Data drift can generally be defined as a shift in the “shape” or distribution of your data. As counterintuitive as it seems, this data may not break your best data quality rules. In fact, it may successfully be reconciled across multiple tests and may still be of concern. Consider a few scenarios:
An insurer evaluates claims reserves based on a claims-feed received every month which has data from all 50 states but has only 45 states this month.
- The coding on all records is correct
- All data was successfully processed and reconciled
- But their evaluation of claims reserves may be wrong
Or
A customer service department relies on an AI model for Next Best Action (NBA) in critical CSR-Client interactions. The model was trained on a certain set of demographic features.
- Age is a critical feature used by the NBA model
- The model yields great results when first deployed
- Over time, the median age of callers shifts, and the model results drop off
Or
An online retailer prides itself on fast fulfillment of orders and has plenty of BI platforms reporting on the volume and breakdown of orders so they can plan accordingly.
- Reacting quickly to changes in order distribution is critical to their business model
- On a particular day, there is a shift in orders for a popular product in a certain region
- The BI platforms record it, but after the fact and no one notices the change resulting in a drop in fulfillment efficiency
In each case, there may be a perfectly valid reason for the drift in the distribution of the data. Perhaps by some statistical fluke, there really were no claims in 5 states this month. Perhaps, the AI model is still working optimally even with the shift in the age feature. Perhaps being aware of the shift in orders sooner wouldn’t have affected fulfillment. But wouldn’t it be better to know and be able to address the source or effect of these drifts before it was an issue? Wouldn’t it be better to get the complete claims data before resetting reserves, retrain the NBA model on current data, or be actively alerted to the shift in order distribution?

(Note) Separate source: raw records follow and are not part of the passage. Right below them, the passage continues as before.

(* Let $0\to\mathfrak{r}\to\mathfrak{f}\xrightarrow{\rho}\mathfrak{g}\to0$ be a free presentation of a Leibniz algebra $\mathfrak{g}$ and let $0\to\mathfrak{m}\to\mathfrak{p}\xrightarrow{\psi}\mathfrak{q}\to0$ be a $\mathrm{Lie}$-central extension of a Leibniz algebra $\mathfrak{q}$. Then for each homomorphism $\alpha:\mathfrak{g}\to\mathfrak{q}$ there exists a homomorphism $\beta:\mathfrak{f}/[\mathfrak{f},\mathfrak{r}]_{\mathrm{Lie}}\to\mathfrak{p}$ such that $\beta(\mathfrak{r}/[\mathfrak{f},\mathfrak{r}]_{\mathrm{Lie}})\subseteq\mathfrak{m}$ and $\psi\circ\beta=\alpha\circ\overline{\rho}$, where $\overline{\rho}:\mathfrak{f}/[\mathfrak{f},\mathfrak{r}]_{\mathrm{Lie}}\to\mathfrak{g}$ is the epimorphism induced by $\rho$.
   Context: Fix a field $\mathbb{K}$ with $\frac12\in\mathbb{K}$. A Leibniz algebra is a $\mathbb{K}$-vector space with a bilinear bracket satisfying $[x,[y,z]]=[[x,y],z]-[[x,z],y]$. For two-sided ideals $\mathfrak{m},\mathfrak{n}$, $[\mathfrak{m},\mathfrak{n}]_{\mathrm{Lie}}$ is the subspace spanned by all $[m,n]+[n,m]$. $Z_{\mathrm{Lie}}(\mathfrak{p})=\{z:[x,z]+[z,x]=0\ \forall x\in\mathfrak{p}\}$; a short exact sequence $0\to\mathfrak{m}\to\mathfrak{p}\to\mathfrak{q}\to0$ is a $\mathrm{Lie}$-central extension if $\mathfrak{m}\subseteq Z_{\mathrm{Lie}}(\mathfrak{p})$. A free presentation of $\mathfrak{g}$ is a short exact sequence $0\to\mathfrak{r}\to\mathfrak{f}\to\mathfrak{g}\to0$ with $\mathfrak{f}$ a free Leibniz algebra. *)

theory Defs
  imports Complex_Main
begin

text \<open>A Leibniz algebra over a field 'k is represented by an abelian group type 'a
  (the whole type is the underlying vector space) together with a scalar
  multiplication sc and a bracket br.\<close>

definition leibniz_algebra ::
  "('k::field \<Rightarrow> 'a::ab_group_add \<Rightarrow> 'a) \<Rightarrow> ('a \<Rightarrow> 'a \<Rightarrow> 'a) \<Rightarrow> bool" where
  "leibniz_algebra sc br \<longleftrightarrow>
     vector_space sc \<and>
     (\<forall>x. Vector_Spaces.linear sc sc (br x)) \<and>
     (\<forall>y. Vector_Spaces.linear sc sc (\<lambda>x. br x y)) \<and>
     (\<forall>x y z. br x (br y z) = br (br x y) z - br (br x z) y)"

definition leibniz_hom ::
  "('k::field \<Rightarrow> 'a::ab_group_add \<Rightarrow> 'a) \<Rightarrow> ('a \<Rightarrow> 'a \<Rightarrow> 'a) \<Rightarrow>
   ('k \<Rightarrow> 'b::ab_group_add \<Rightarrow> 'b) \<Rightarrow> ('b \<Rightarrow> 'b \<Rightarrow> 'b) \<Rightarrow> ('a \<Rightarrow> 'b) \<Rightarrow> bool" where
  "leibniz_hom sc1 br1 sc2 br2 h \<longleftrightarrow>
     Vector_Spaces.linear sc1 sc2 h \<and> (\<forall>x y. h (br1 x y) = br2 (h x) (h y))"

definition leibniz_ideal ::
  "('k::field \<Rightarrow> 'a::ab_group_add \<Rightarrow> 'a) \<Rightarrow> ('a \<Rightarrow> 'a \<Rightarrow> 'a) \<Rightarrow> 'a set \<Rightarrow> bool" where
  "leibniz_ideal sc br I \<longleftrightarrow>
     module.subspace sc I \<and> (\<forall>x i. i \<in> I \<longrightarrow> br x i \<in> I \<and> br i x \<in> I)"

definition leibniz_subalgebra ::
  "('k::field \<Rightarrow> 'a::ab_group_add \<Rightarrow> 'a) \<Rightarrow> ('a \<Rightarrow> 'a \<Rightarrow> 'a) \<Rightarrow> 'a set \<Rightarrow> bool" where
  "leibniz_subalgebra sc br S \<longleftrightarrow>
     module.subspace sc S \<and> (\<forall>x\<in>S. \<forall>y\<in>S. br x y \<in> S)"

definition generated_subalgebra ::
  "('k::field \<Rightarrow> 'a::ab_group_add \<Rightarrow> 'a) \<Rightarrow> ('a \<Rightarrow> 'a \<Rightarrow> 'a) \<Rightarrow> 'a set \<Rightarrow> 'a set" where
  "generated_subalgebra sc br X = \<Inter>{S. leibniz_subalgebra sc br S \<and> X \<subseteq> S}"

definition lie_comm ::
  "('k::field \<Rightarrow> 'a::ab_group_add \<Rightarrow> 'a) \<Rightarrow> ('a \<Rightarrow> 'a \<Rightarrow> 'a) \<Rightarrow> 'a set \<Rightarrow> 'a set \<Rightarrow> 'a set" where
  "lie_comm sc br M N = module.span sc {br m n + br n m | m n. m \<in> M \<and> n \<in> N}"

definition lie_center :: "('a::ab_group_add \<Rightarrow> 'a \<Rightarrow> 'a) \<Rightarrow> 'a set" where
  "lie_center br = {z. \<forall>x. br x z + br z x = 0}"

text \<open>HOL cannot quantify over types inside a formula, so the
  universal property is stated for target algebras carried by the type named
  by the itself-argument.\<close>
definition free_leibniz_on ::
  "('k::field \<Rightarrow> 'a::ab_group_add \<Rightarrow> 'a) \<Rightarrow> ('a \<Rightarrow> 'a \<Rightarrow> 'a) \<Rightarrow> 'a set \<Rightarrow>
   'b::ab_group_add itself \<Rightarrow> bool" where
  "free_leibniz_on sc br X (T :: 'b itself) \<longleftrightarrow>
     leibniz_algebra sc br \<and>
     generated_subalgebra sc br X = UNIV \<and>
     (\<forall>(sc2 :: 'k \<Rightarrow> 'b \<Rightarrow> 'b) br2 (g :: 'a \<Rightarrow> 'b). leibniz_algebra sc2 br2 \<longrightarrow>
        (\<exists>h. leibniz_hom sc br sc2 br2 h \<and> (\<forall>x\<in>X. h x = g x)))"

end

theory Submission
  imports Defs
begin

text \<open>
  A free Leibniz algebra is projective: a homomorphism from it into the base of a surjective
  homomorphism lifts through that surjection, since lifts of the generators extend to a
  homomorphism, and two homomorphisms agreeing on generators agree on the subalgebra they
  generate.  Lifting \<open>\<alpha> \<circ> \<rho>\<close> along \<open>\<psi>\<close> gives \<open>\<beta>\<close>; it maps \<open>r = ker \<rho>\<close> into
  \<open>m = ker \<psi>\<close>, and since \<open>m\<close> is \<open>Lie\<close>-central, \<open>\<beta>\<close> kills every symmetric bracket
  \<open>[f, n] + [n, f]\<close> with \<open>n \<in> r\<close>, hence their span \<open>[f, r]\<^sub>L\<^sub>i\<^sub>e\<close>.
\<close>

lemma leibniz_hom_comp:
  assumes "leibniz_hom sc1 br1 sc2 br2 f" and "leibniz_hom sc2 br2 sc3 br3 g"
  shows "leibniz_hom sc1 br1 sc3 br3 (g \<circ> f)"
  using assms by (auto simp: leibniz_hom_def intro: Vector_Spaces.linear_compose)

lemma leibniz_subalgebra_equalizer:
  assumes f: "leibniz_hom sc1 br1 sc2 br2 f" and g: "leibniz_hom sc1 br1 sc2 br2 g"
  shows "leibniz_subalgebra sc1 br1 {x. f x = g x}"
proof -
  interpret f: Vector_Spaces.linear sc1 sc2 f using f by (simp add: leibniz_hom_def)
  interpret g: Vector_Spaces.linear sc1 sc2 g using g by (simp add: leibniz_hom_def)
  show ?thesis
    using f g
    by (auto simp: leibniz_subalgebra_def leibniz_hom_def f.vs1.subspace_def
        f.add g.add f.scale g.scale f.zero g.zero)
qed

lemma generated_subalgebra_minimal:
  assumes "leibniz_subalgebra sc br S" and "X \<subseteq> S"
  shows "generated_subalgebra sc br X \<subseteq> S"
  using assms unfolding generated_subalgebra_def by blast

lemma leibniz_hom_eq_on_generated:
  assumes "leibniz_hom sc1 br1 sc2 br2 f" and "leibniz_hom sc1 br1 sc2 br2 g"
    and "\<And>x. x \<in> X \<Longrightarrow> f x = g x" and "x \<in> generated_subalgebra sc1 br1 X"
  shows "f x = g x"
  using generated_subalgebra_minimal[OF leibniz_subalgebra_equalizer[OF assms(1,2)]] assms(3,4)
  by blast

lemma free_leibniz_lift:
  fixes \<psi> :: "'p::ab_group_add \<Rightarrow> 'q::ab_group_add"
  assumes free: "free_leibniz_on scF brF X TYPE('p)" and P: "leibniz_algebra scP brP"
    and \<psi>: "leibniz_hom scP brP scQ brQ \<psi>" and "surj \<psi>"
    and \<phi>: "leibniz_hom scF brF scQ brQ \<phi>"
  obtains h where "leibniz_hom scF brF scP brP h" and "\<psi> \<circ> h = \<phi>"
proof -
  obtain h where h: "leibniz_hom scF brF scP brP h" and h_X: "\<And>x. x \<in> X \<Longrightarrow> h x = inv \<psi> (\<phi> x)"
    using free P unfolding free_leibniz_on_def by (blast dest: spec[where x = "\<lambda>x. inv \<psi> (\<phi> x)"])
  have "(\<psi> \<circ> h) x = \<phi> x" for x
  proof (rule leibniz_hom_eq_on_generated[OF leibniz_hom_comp[OF h \<psi>] \<phi>])
    show "x \<in> generated_subalgebra scF brF X"
      using free by (simp add: free_leibniz_on_def)
  qed (simp add: h_X surj_f_inv_f[OF \<open>surj \<psi>\<close>])
  then show thesis
    using h that by blast
qed

lemma leibniz_hom_vanishes_on_lie_comm:
  assumes h: "leibniz_hom sc1 br1 sc2 br2 h" and central: "h ` N \<subseteq> lie_center br2"
    and x: "x \<in> lie_comm sc1 br1 M N"
  shows "h x = 0"
proof -
  interpret Vector_Spaces.linear sc1 sc2 h using h by (simp add: leibniz_hom_def)
  show ?thesis
  proof (rule eq_0_on_span)
    show "x \<in> vs1.span {br1 a n + br1 n a |a n. a \<in> M \<and> n \<in> N}"
      using x by (simp add: lie_comm_def)
  next
    fix y assume "y \<in> {br1 a n + br1 n a |a n. a \<in> M \<and> n \<in> N}"
    then obtain a n where "y = br1 a n + br1 n a" and "n \<in> N" by blast
    then show "h y = 0"
      using h central by (auto simp: add leibniz_hom_def lie_center_def)
  qed
qed

theorem mainTheorem11:
  fixes scF :: "'k::field \<Rightarrow> 'f::ab_group_add \<Rightarrow> 'f" and brF :: "'f \<Rightarrow> 'f \<Rightarrow> 'f"
    and scG :: "'k \<Rightarrow> 'g::ab_group_add \<Rightarrow> 'g" and brG :: "'g \<Rightarrow> 'g \<Rightarrow> 'g"
    and scP :: "'k \<Rightarrow> 'p::ab_group_add \<Rightarrow> 'p" and brP :: "'p \<Rightarrow> 'p \<Rightarrow> 'p"
    and scQ :: "'k \<Rightarrow> 'q::ab_group_add \<Rightarrow> 'q" and brQ :: "'q \<Rightarrow> 'q \<Rightarrow> 'q"
    and X :: "'f set" and r :: "'f set" and m :: "'p set"
    and \<rho> :: "'f \<Rightarrow> 'g" and \<psi> :: "'p \<Rightarrow> 'q" and \<alpha> :: "'g \<Rightarrow> 'q"
  assumes half: "(2::'k) \<noteq> 0"
    and G: "leibniz_algebra scG brG"
    and P: "leibniz_algebra scP brP"
    and Q: "leibniz_algebra scQ brQ"
    and free: "free_leibniz_on scF brF X TYPE('p)"
    and rho_hom: "leibniz_hom scF brF scG brG \<rho>"
    and rho_surj: "surj \<rho>"
    and r_ker: "r = {x. \<rho> x = 0}"
    and psi_hom: "leibniz_hom scP brP scQ brQ \<psi>"
    and psi_surj: "surj \<psi>"
    and m_ker: "m = {x. \<psi> x = 0}"
    and m_central: "m \<subseteq> lie_center brP"
    and alpha_hom: "leibniz_hom scG brG scQ brQ \<alpha>"
  shows "\<exists>\<beta> :: 'f \<Rightarrow> 'p.
           leibniz_hom scF brF scP brP \<beta> \<and>
           (\<forall>x\<in>lie_comm scF brF UNIV r. \<beta> x = 0) \<and>
           \<beta> ` r \<subseteq> m \<and>
           (\<forall>x. \<psi> (\<beta> x) = \<alpha> (\<rho> x))"
proof -
  obtain \<beta> where \<beta>: "leibniz_hom scF brF scP brP \<beta>" and lift: "\<psi> \<circ> \<beta> = \<alpha> \<circ> \<rho>"
    using free_leibniz_lift[OF free P psi_hom psi_surj leibniz_hom_comp[OF rho_hom alpha_hom]] .
  interpret \<alpha>: Vector_Spaces.linear scG scQ \<alpha>
    using alpha_hom by (simp add: leibniz_hom_def)
  have r_to_m: "\<beta> ` r \<subseteq> m"
    using lift \<alpha>.zero by (auto simp: r_ker m_ker fun_eq_iff)
  have "\<forall>x\<in>lie_comm scF brF UNIV r. \<beta> x = 0"
    using leibniz_hom_vanishes_on_lie_comm[OF \<beta>] r_to_m m_central by blast
  with \<beta> r_to_m lift show ?thesis
    by (auto simp: fun_eq_iff)
qed

end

Finally, monitoring for data drift is great if you know the critical features to monitor for but what if you aren’t sure? Wouldn’t it be great if your data reliability system would look for anomalies in all of your data, essentially providing you an early warning system, your own “canary in a coal mine”.
Sit Comfortably, Thanks to Data Reliability
With all three legs in place, you should be able to sit comfortably and rely on your data, but only if the legs are properly united to your stool, to your data reliability framework. Then you can have a coordinated view of each aspect of data reliability: Quality, Reconciliation, and Drift. Your framework needs to automate these processes so that reliability is part of your data foundation and built into your overall data observability – your view of the data processing, data management, and data pipelines.